Работа! Прекрасное слово. Кипящую жизнь таит в себе. Работа!.. Отработался. Отполыхался, выгорел дотла я…

Федор Петрович достал из портфеля и положил передо мной кипу каких-то бумаг и конвертов. Сел в кресло возле моего стола.

— Сигналы твоих земляков. И все тревожные. Что-то стряслось в доселе благополучном царстве-государстве. На последнем бюро мы обсуждали вопрос о работе с письмами трудящихся. Беспощадно покритиковали себя, и каждый взял под личную ответственность тот или иной район. Тебе достались твои родные места. Поезжай, разберись. — Он положил ладонь на пачку писем. — Среди этих посланий есть два особенно важных — от Булатова и Колесова.

— И от них?

— Да! Секретарю крупнейшего горкома и директору комбината мирового значения не чуждо ничто человеческое. И они, как и все трудящиеся, обращаясь в обком, рассчитывают на торжество справедливости.

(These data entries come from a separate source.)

text \<open>
  Writing \<open>d = c - 2m\<close>, the bounds \<open>H\<^sub>2, H\<^sub>3, H\<^sub>4\<close> are all at most \<open>\<surd>(n\<beta> + \<gamma>)\<close> with
  \<open>\<beta> \<in> {4m, c}\<close>, and in both cases \<open>d\<beta> \<le> (c - m)\<^sup>2\<close>. If \<open>d > 0\<close>, then \<open>k\<^sub>5, k\<^sub>6 \<sim> \<surd>(nd)\<close>, so
  \<open>H\<^sub>5, H\<^sub>6 \<sim> (c - m)\<surd>n / \<surd>d\<close> and the ratio tends to \<open>(c - m) / \<surd>(d\<beta>) \<ge> 1\<close>. If \<open>d \<le> 0\<close>,
  then \<open>k\<^sub>5, k\<^sub>6\<close> stay bounded, \<open>H\<^sub>5, H\<^sub>6\<close> grow linearly and the ratio tends to infinity.
\<close>

lemma Liminf_ratio_ge_one:
  fixes Q P a b :: "'a \<Rightarrow> real"
  assumes "eventually (\<lambda>x. a x \<le> Q x) F"
    and "eventually (\<lambda>x. 0 < P x \<and> P x \<le> b x) F"
    and "1 \<le> Liminf F (\<lambda>x. ereal (a x / b x))"
  shows "1 \<le> Liminf F (\<lambda>x. ereal (Q x / P x))"
proof -
  have "0 < Liminf F (\<lambda>x. ereal (a x / b x))"
    using ereal_0_less_1 assms(3) by (rule less_le_trans)
  then have "eventually (\<lambda>x. 0 < a x / b x) F"
    by (rule less_LiminfD[where y = 0, THEN eventually_mono]) simp
  with assms(1,2) have "eventually (\<lambda>x. ereal (a x / b x) \<le> ereal (Q x / P x)) F"
  proof eventually_elim
    case (elim x)
    then have "0 < a x" by (auto simp: zero_less_divide_iff)
    then have "a x / b x \<le> a x / P x"
      using elim by (intro divide_left_mono) auto
    also have "\<dots> \<le> Q x / P x"
      using elim by (intro divide_right_mono) auto
    finally show ?case by (simp only: ereal_less_eq)
  qed
  then have "Liminf F (\<lambda>x. ereal (a x / b x)) \<le> Liminf F (\<lambda>x. ereal (Q x / P x))"
    by (rule Liminf_mono)
  with assms(3) show ?thesis by (rule order_trans)
qed
section \<open>The translation-invariant part\<close>

lemma C2_with_compose_blinfun:
  fixes J :: "'c::real_normed_vector \<Rightarrow>\<^sub>L 'b::real_normed_vector"
    and f :: "'b \<Rightarrow> real"
  assumes f: "C2_with S f f' f''" and JT: "blinfun_apply J ` T \<subseteq> S"
    and CR: "\<And>K. blinfun_apply CR K = K o\<^sub>L J"
  shows "C2_with T (\<lambda>p. f (J p)) (\<lambda>p. f' (J p) o\<^sub>L J) (\<lambda>p. CR o\<^sub>L f'' (J p) o\<^sub>L J)"
  unfolding C2_with_def
proof (intro conjI ballI)
  have dJ: "(blinfun_apply J has_derivative blinfun_apply J) (at p within T)" for p
    by (rule bounded_linear_imp_has_derivative[OF blinfun.bounded_linear_right])
  fix p assume p: "p \<in> T"
  then have Jp: "J p \<in> S" using JT by blast
  have "(f has_derivative blinfun_apply (f' (J p))) (at (J p) within blinfun_apply J ` T)"
    using f Jp JT unfolding C2_with_def by (meson has_derivative_subset)
  from diff_chain_within[OF dJ this]
  show "((\<lambda>p. f (J p)) has_derivative blinfun_apply (f' (J p) o\<^sub>L J)) (at p within T)"
    by (simp add: comp_def blinfun_compose.rep_eq)
  have "(f' has_derivative blinfun_apply (f'' (J p))) (at (J p) within blinfun_apply J ` T)"
    using f Jp JT unfolding C2_with_def by (meson has_derivative_subset)
  from diff_chain_within[OF dJ this]
  have "((\<lambda>p. f' (J p)) has_derivative (\<lambda>h. f'' (J p) (J h))) (at p within T)"
    by (simp add: comp_def)
  then have "((\<lambda>p. CR (f' (J p))) has_derivative (\<lambda>h. CR (f'' (J p) (J h)))) (at p within T)"
    by (rule bounded_linear.has_derivative[OF blinfun.bounded_linear_right])
  moreover have "(\<lambda>p. CR (f' (J p))) = (\<lambda>p. f' (J p) o\<^sub>L J)"
    by (simp add: CR)
  moreover have "(\<lambda>h. CR (f'' (J p) (J h))) = blinfun_apply (CR o\<^sub>L f'' (J p) o\<^sub>L J)"
    by (rule ext) simp
  ultimately show "((\<lambda>p. f' (J p) o\<^sub>L J) has_derivative blinfun_apply (CR o\<^sub>L f'' (J p) o\<^sub>L J)) (at p within T)"
    by metis
next
  have "continuous_on S f''" using f unfolding C2_with_def by blast
  from continuous_on_compose2[OF this linear_continuous_on[OF blinfun.bounded_linear_right] JT]
  have "continuous_on T (\<lambda>p. f'' (J p))" .
  moreover have "bounded_linear (\<lambda>K. CR o\<^sub>L K o\<^sub>L J)"
    by (intro bounded_linear_compose[OF
          bounded_bilinear.bounded_linear_left[OF bounded_bilinear_blinfun_compose]
          bounded_bilinear.bounded_linear_right[OF bounded_bilinear_blinfun_compose]])
  ultimately show "continuous_on T (\<lambda>p. CR o\<^sub>L f'' (J p) o\<^sub>L J)"
    using bounded_linear.continuous_on by blast
qed

lemma C2_on_compose_blinfun:
  fixes J :: "'c::real_normed_vector \<Rightarrow>\<^sub>L 'b::real_normed_vector"
    and f :: "'b \<Rightarrow> real"
  assumes "C2_on S f" "blinfun_apply J ` T \<subseteq> S"
  shows "C2_on T (\<lambda>p. f (J p))"
proof -
  obtain f' f'' where f: "C2_with S f f' f''" using assms(1) unfolding C2_on_def by blast
  define CR :: "('b \<Rightarrow>\<^sub>L real) \<Rightarrow>\<^sub>L ('c \<Rightarrow>\<^sub>L real)" where "CR = Blinfun (\<lambda>K. K o\<^sub>L J)"
  have "blinfun_apply CR K = K o\<^sub>L J" for K
    unfolding CR_def
    by (simp add: bounded_linear_Blinfun_apply
        bounded_bilinear.bounded_linear_left[OF bounded_bilinear_blinfun_compose])
  from C2_with_compose_blinfun[OF f assms(2) this] show ?thesis
    unfolding C2_on_def by blast
qed
(* Let $(\mathbb{X},\dagger)$ be a Moore-Penrose dagger additive category and let $\begin{bmatrix}\alpha&\beta\\ \beta^\dagger&\delta\end{bmatrix}:B\oplus C\to B\oplus C$ be a $\dagger$-positive map. Then for any map $\begin{bmatrix}\phi&\psi\end{bmatrix}:B\oplus C\to D$ such that $\begin{bmatrix}\alpha&\beta\\ \beta^\dagger&\delta\end{bmatrix}=\begin{bmatrix}\phi&\psi\end{bmatrix}^\dagger\circ\begin{bmatrix}\phi&\psi\end{bmatrix}$, we have $\beta^\dagger\circ\alpha^\circ=\psi^\dagger\circ(\phi^\circ)^\dagger$.
   Context: A dagger additive category is a dagger category (contravariant identity-on-objects involutive functor $\dagger$) whose hom-sets are abelian groups with bilinear composition and additive $\dagger$, having a zero object and finite biproducts whose projections $\pi_j$ and injections $\iota_j$ satisfy $\pi_j^\dagger=\iota_j$. Maps between biproducts are written as matrices; composition is matrix multiplication and $\dagger$ is transpose with entrywise $\dagger$. An endomorphism $p$ is $\dagger$-positive if $p=\chi^\dagger\circ\chi$ for some map $\chi$. A Moore-Penrose inverse of $f:A\to B$ is a map $f^\circ:B\to A$ with $f f^\circ f=f$, $f^\circ f f^\circ=f^\circ$, $(f f^\circ)^\dagger=f f^\circ$, $(f^\circ f)^\dagger=f^\circ f$ (unique when it exists); a Moore-Penrose dagger additive category is one in which every map has a Moore-Penrose inverse. Here $\alpha:B\to B$, $\beta:C\to B$, $\delta:C\to C$, $\phi:B\to D$, $\psi:C\to D$. *)

theory Defs
  imports Main
begin

text \<open>Hom A B is the hom-set from A to B; Cmp g f is the
composite g after f; Add, Neg, Zer give the abelian group structure on
each hom-set.\<close>

record ('o, 'm) dcat =
  Hom :: "'o \<Rightarrow> 'o \<Rightarrow> 'm set"
  Cmp :: "'m \<Rightarrow> 'm \<Rightarrow> 'm"
  Idn :: "'o \<Rightarrow> 'm"
  Dag :: "'m \<Rightarrow> 'm"
  Add :: "'m \<Rightarrow> 'm \<Rightarrow> 'm"
  Neg :: "'m \<Rightarrow> 'm"
  Zer :: "'o \<Rightarrow> 'o \<Rightarrow> 'm"

definition is_dagger_biproduct ::
  "('o, 'm) dcat \<Rightarrow> 'o \<Rightarrow> 'o \<Rightarrow> 'o \<Rightarrow> 'm \<Rightarrow> 'm \<Rightarrow> 'm \<Rightarrow> 'm \<Rightarrow> bool" where
  "is_dagger_biproduct X B C S p1 p2 i1 i2 \<longleftrightarrow>
     p1 \<in> Hom X S B \<and> p2 \<in> Hom X S C \<and> i1 \<in> Hom X B S \<and> i2 \<in> Hom X C S \<and>
     Cmp X p1 i1 = Idn X B \<and> Cmp X p2 i2 = Idn X C \<and>
     Cmp X p1 i2 = Zer X C B \<and> Cmp X p2 i1 = Zer X B C \<and>
     Add X (Cmp X i1 p1) (Cmp X i2 p2) = Idn X S \<and>
     Dag X p1 = i1 \<and> Dag X p2 = i2"

definition dagger_additive_category :: "('o, 'm) dcat \<Rightarrow> bool" where
  "dagger_additive_category X \<longleftrightarrow>
     \<comment> \<open>hom-sets are disjoint\<close>
     (\<forall>A B A' B' f. f \<in> Hom X A B \<longrightarrow> f \<in> Hom X A' B' \<longrightarrow> A = A' \<and> B = B') \<and>
     \<comment> \<open>category\<close>
     (\<forall>A B C f g. f \<in> Hom X A B \<longrightarrow> g \<in> Hom X B C \<longrightarrow> Cmp X g f \<in> Hom X A C) \<and>
     (\<forall>A B C D f g h. f \<in> Hom X A B \<longrightarrow> g \<in> Hom X B C \<longrightarrow> h \<in> Hom X C D \<longrightarrow>
        Cmp X h (Cmp X g f) = Cmp X (Cmp X h g) f) \<and>
     (\<forall>A. Idn X A \<in> Hom X A A) \<and>
     (\<forall>A B f. f \<in> Hom X A B \<longrightarrow> Cmp X (Idn X B) f = f \<and> Cmp X f (Idn X A) = f) \<and>
     \<comment> \<open>dagger: contravariant, identity on objects, involutive\<close>
     (\<forall>A B f. f \<in> Hom X A B \<longrightarrow> Dag X f \<in> Hom X B A \<and> Dag X (Dag X f) = f) \<and>
     (\<forall>A B C f g. f \<in> Hom X A B \<longrightarrow> g \<in> Hom X B C \<longrightarrow>
        Dag X (Cmp X g f) = Cmp X (Dag X f) (Dag X g)) \<and>
     (\<forall>A. Dag X (Idn X A) = Idn X A) \<and>
     \<comment> \<open>abelian group structure on hom-sets\<close>
     (\<forall>A B f g. f \<in> Hom X A B \<longrightarrow> g \<in> Hom X A B \<longrightarrow> Add X f g \<in> Hom X A B) \<and>
     (\<forall>A B f. f \<in> Hom X A B \<longrightarrow> Neg X f \<in> Hom X A B) \<and>
     (\<forall>A B. Zer X A B \<in> Hom X A B) \<and>
     (\<forall>A B f g h. f \<in> Hom X A B \<longrightarrow> g \<in> Hom X A B \<longrightarrow> h \<in> Hom X A B \<longrightarrow>
        Add X (Add X f g) h = Add X f (Add X g h)) \<and>
     (\<forall>A B f g. f \<in> Hom X A B \<longrightarrow> g \<in> Hom X A B \<longrightarrow> Add X f g = Add X g f) \<and>
     (\<forall>A B f. f \<in> Hom X A B \<longrightarrow> Add X f (Zer X A B) = f) \<and>
     (\<forall>A B f. f \<in> Hom X A B \<longrightarrow> Add X f (Neg X f) = Zer X A B) \<and>
     \<comment> \<open>bilinear composition, additive dagger\<close>
     (\<forall>A B C f g h. f \<in> Hom X A B \<longrightarrow> g \<in> Hom X A B \<longrightarrow> h \<in> Hom X B C \<longrightarrow>
        Cmp X h (Add X f g) = Add X (Cmp X h f) (Cmp X h g)) \<and>
     (\<forall>A B C f g h. f \<in> Hom X A B \<longrightarrow> g \<in> Hom X B C \<longrightarrow> h \<in> Hom X B C \<longrightarrow>
        Cmp X (Add X g h) f = Add X (Cmp X g f) (Cmp X h f)) \<and>
     (\<forall>A B f g. f \<in> Hom X A B \<longrightarrow> g \<in> Hom X A B \<longrightarrow>
        Dag X (Add X f g) = Add X (Dag X f) (Dag X g)) \<and>
     \<comment> \<open>zero object\<close>
     (\<exists>Z. \<forall>A. Hom X A Z = {Zer X A Z} \<and> Hom X Z A = {Zer X Z A}) \<and>
     \<comment> \<open>binary dagger biproducts (with the zero object: all finite ones)\<close>
     (\<forall>B C. \<exists>S p1 p2 i1 i2. is_dagger_biproduct X B C S p1 p2 i1 i2)"

definition dagger_positive :: "('o, 'm) dcat \<Rightarrow> 'o \<Rightarrow> 'm \<Rightarrow> bool" where
  "dagger_positive X A p \<longleftrightarrow> (\<exists>E \<chi>. \<chi> \<in> Hom X A E \<and> p = Cmp X (Dag X \<chi>) \<chi>)"

definition is_mp_inverse :: "('o, 'm) dcat \<Rightarrow> 'o \<Rightarrow> 'o \<Rightarrow> 'm \<Rightarrow> 'm \<Rightarrow> bool" where
  "is_mp_inverse X A B f g \<longleftrightarrow> g \<in> Hom X B A \<and>
     Cmp X f (Cmp X g f) = f \<and> Cmp X g (Cmp X f g) = g \<and>
     Dag X (Cmp X f g) = Cmp X f g \<and> Dag X (Cmp X g f) = Cmp X g f"

text \<open>The Moore-Penrose inverse of f : A \<rightarrow> B (unique when it exists).\<close>
definition mp_inv :: "('o, 'm) dcat \<Rightarrow> 'o \<Rightarrow> 'o \<Rightarrow> 'm \<Rightarrow> 'm" where
  "mp_inv X A B f = (THE g. is_mp_inverse X A B f g)"

definition mp_dagger_additive_category :: "('o, 'm) dcat \<Rightarrow> bool" where
  "mp_dagger_additive_category X \<longleftrightarrow> dagger_additive_category X \<and>
     (\<forall>A B f. f \<in> Hom X A B \<longrightarrow> (\<exists>g. is_mp_inverse X A B f g))"

end

theory Submission
  imports Defs
begin
(* Let $m\ge 3$, let $M$ be a set of $m$ parties and $p\ge 0$ an integer, and let $|\Psi\rangle=|\Psi_m^+\rangle^{\otimes p}$, where each party holds one qubit of each copy. Then $\max_{\rho\in\Gamma(\Psi)}S(\rho)=p$, where $\Gamma(\Psi)$ is the set of density operators $\rho$ on the $mp$ qubits with $\mathrm{Tr}_\alpha\rho=\mathrm{Tr}_\alpha|\Psi\rangle\langle\Psi|$ for every party $\alpha\in M$, and $S(\rho)=-\mathrm{Tr}\,\rho\log_2\rho$.
   Context: $|\Psi_m^+\rangle=\frac{1}{\sqrt2}(|0\rangle^{\otimes m}+|1\rangle^{\otimes m})$ is the $m$-qubit GHZ state. $\mathrm{Tr}_\alpha$ denotes the partial trace over all qubits held by party $\alpha$ (here, $p$ qubits). *)

theory Defs
  imports Complex_Main "Jordan_Normal_Form.Char_Poly"
begin

(* Qubits of an N-qubit register are numbered 0..<N; computational basis state
   with index i < 2^N has qubit q in state bit q i. *)
definition bit_of :: "nat \<Rightarrow> nat \<Rightarrow> nat" where
  "bit_of q i = (i div 2 ^ q) mod 2"

definition pos_in :: "nat set \<Rightarrow> nat \<Rightarrow> nat" where
  "pos_in S q = card {x \<in> S. x < q}"

(* Full basis index obtained from an index r of the kept qubits K
   and an index t of the traced qubits T = {0..<N} - K. *)
definition merge_idx :: "nat \<Rightarrow> nat set \<Rightarrow> nat \<Rightarrow> nat \<Rightarrow> nat" where
  "merge_idx N T r t =
     (\<Sum>q<N. (if q \<in> T then bit_of (pos_in T q) t
              else bit_of (pos_in ({0..<N} - T) q) r) * 2 ^ q)"

(* Partial trace over the qubits in T of an operator on N qubits;
   the result acts on the remaining qubits (ordered increasingly). *)
definition ptrace :: "nat \<Rightarrow> nat set \<Rightarrow> complex mat \<Rightarrow> complex mat" where
  "ptrace N T \<rho> =
     mat (2 ^ card ({0..<N} - T)) (2 ^ card ({0..<N} - T))
       (\<lambda>(r, r'). \<Sum>t < 2 ^ card T. \<rho> $$ (merge_idx N T r t, merge_idx N T r' t))"

definition density_op :: "nat \<Rightarrow> complex mat \<Rightarrow> bool" where
  "density_op N \<rho> \<longleftrightarrow> \<rho> \<in> carrier_mat (2 ^ N) (2 ^ N) \<and>
     (\<forall>v :: nat \<Rightarrow> complex.
        let q = (\<Sum>i < 2 ^ N. \<Sum>j < 2 ^ N. cnj (v i) * \<rho> $$ (i, j) * v j)
        in Im q = 0 \<and> Re q \<ge> 0) \<and>
     (\<Sum>i < 2 ^ N. \<rho> $$ (i, i)) = 1"

(* von Neumann entropy: - sum over eigenvalues (with algebraic multiplicity,
   i.e. as roots of the characteristic polynomial) of lambda log2 lambda,
   with the convention 0 log 0 = 0. Eigenvalues of density operators are real. *)
definition xlogx :: "real \<Rightarrow> real" where
  "xlogx x = (if x = 0 then 0 else x * log 2 x)"

definition vn_entropy :: "complex mat \<Rightarrow> real" where
  "vn_entropy \<rho> = - (\<Sum>a \<in> {a. poly (char_poly \<rho>) a = 0}.
                        real (order a (char_poly \<rho>)) * xlogx (Re a))"

definition ghz_amp :: "nat \<Rightarrow> nat \<Rightarrow> complex" where
  "ghz_amp m b = (if b = 0 \<or> b = 2 ^ m - 1 then complex_of_real (1 / sqrt 2) else 0)"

— О чем же пишут они, Колесов и Булатов?

— Не сработались. Обвиняют друг друга во всех тяжких грехах и просят нас разобраться, кто прав, кто виноват.

— Непостижимо.

— Что именно?

— И Булатов, и Колесов люди весьма и весьма надежные, испытанные в течение многих лет, заслуживающие доверия, уважения — и вдруг…

— Не знаю, вдруг или не вдруг такое случилось. И тебе не советую гадать на кофейной гуще. Поезжай, поработай, что называется, в поте лица своего.

Некоторое время я молчал, сцепив пальцы и внимательно рассматривая побелевшие костяшки суставов.

Не всякую правду может сказать и правдивый человек. Бывает такая правда, знать которую должен только ты один. И на язык просится полуправда.

— По-моему, бюро обкома сделало неудачный выбор, поручив мне разобраться в конфликте между Колесовым и Булатовым.

— Почему это неудачный?

— Ну, хотя бы уже потому, что в свое время обоих я опекал, обоих уважал и любил как талантливых, многообещающих работников. И теперь один кажется хорошим и другой неплохим. Обоих могу пощадить и защитить.

— Ну и щади себе на здоровье, если того заслуживают.

— Я серьезно, Петрович.

— И я серьезно. Слишком хорошо тебя знаю, чтобы хоть на мгновение засомневаться в твоей партийной честности!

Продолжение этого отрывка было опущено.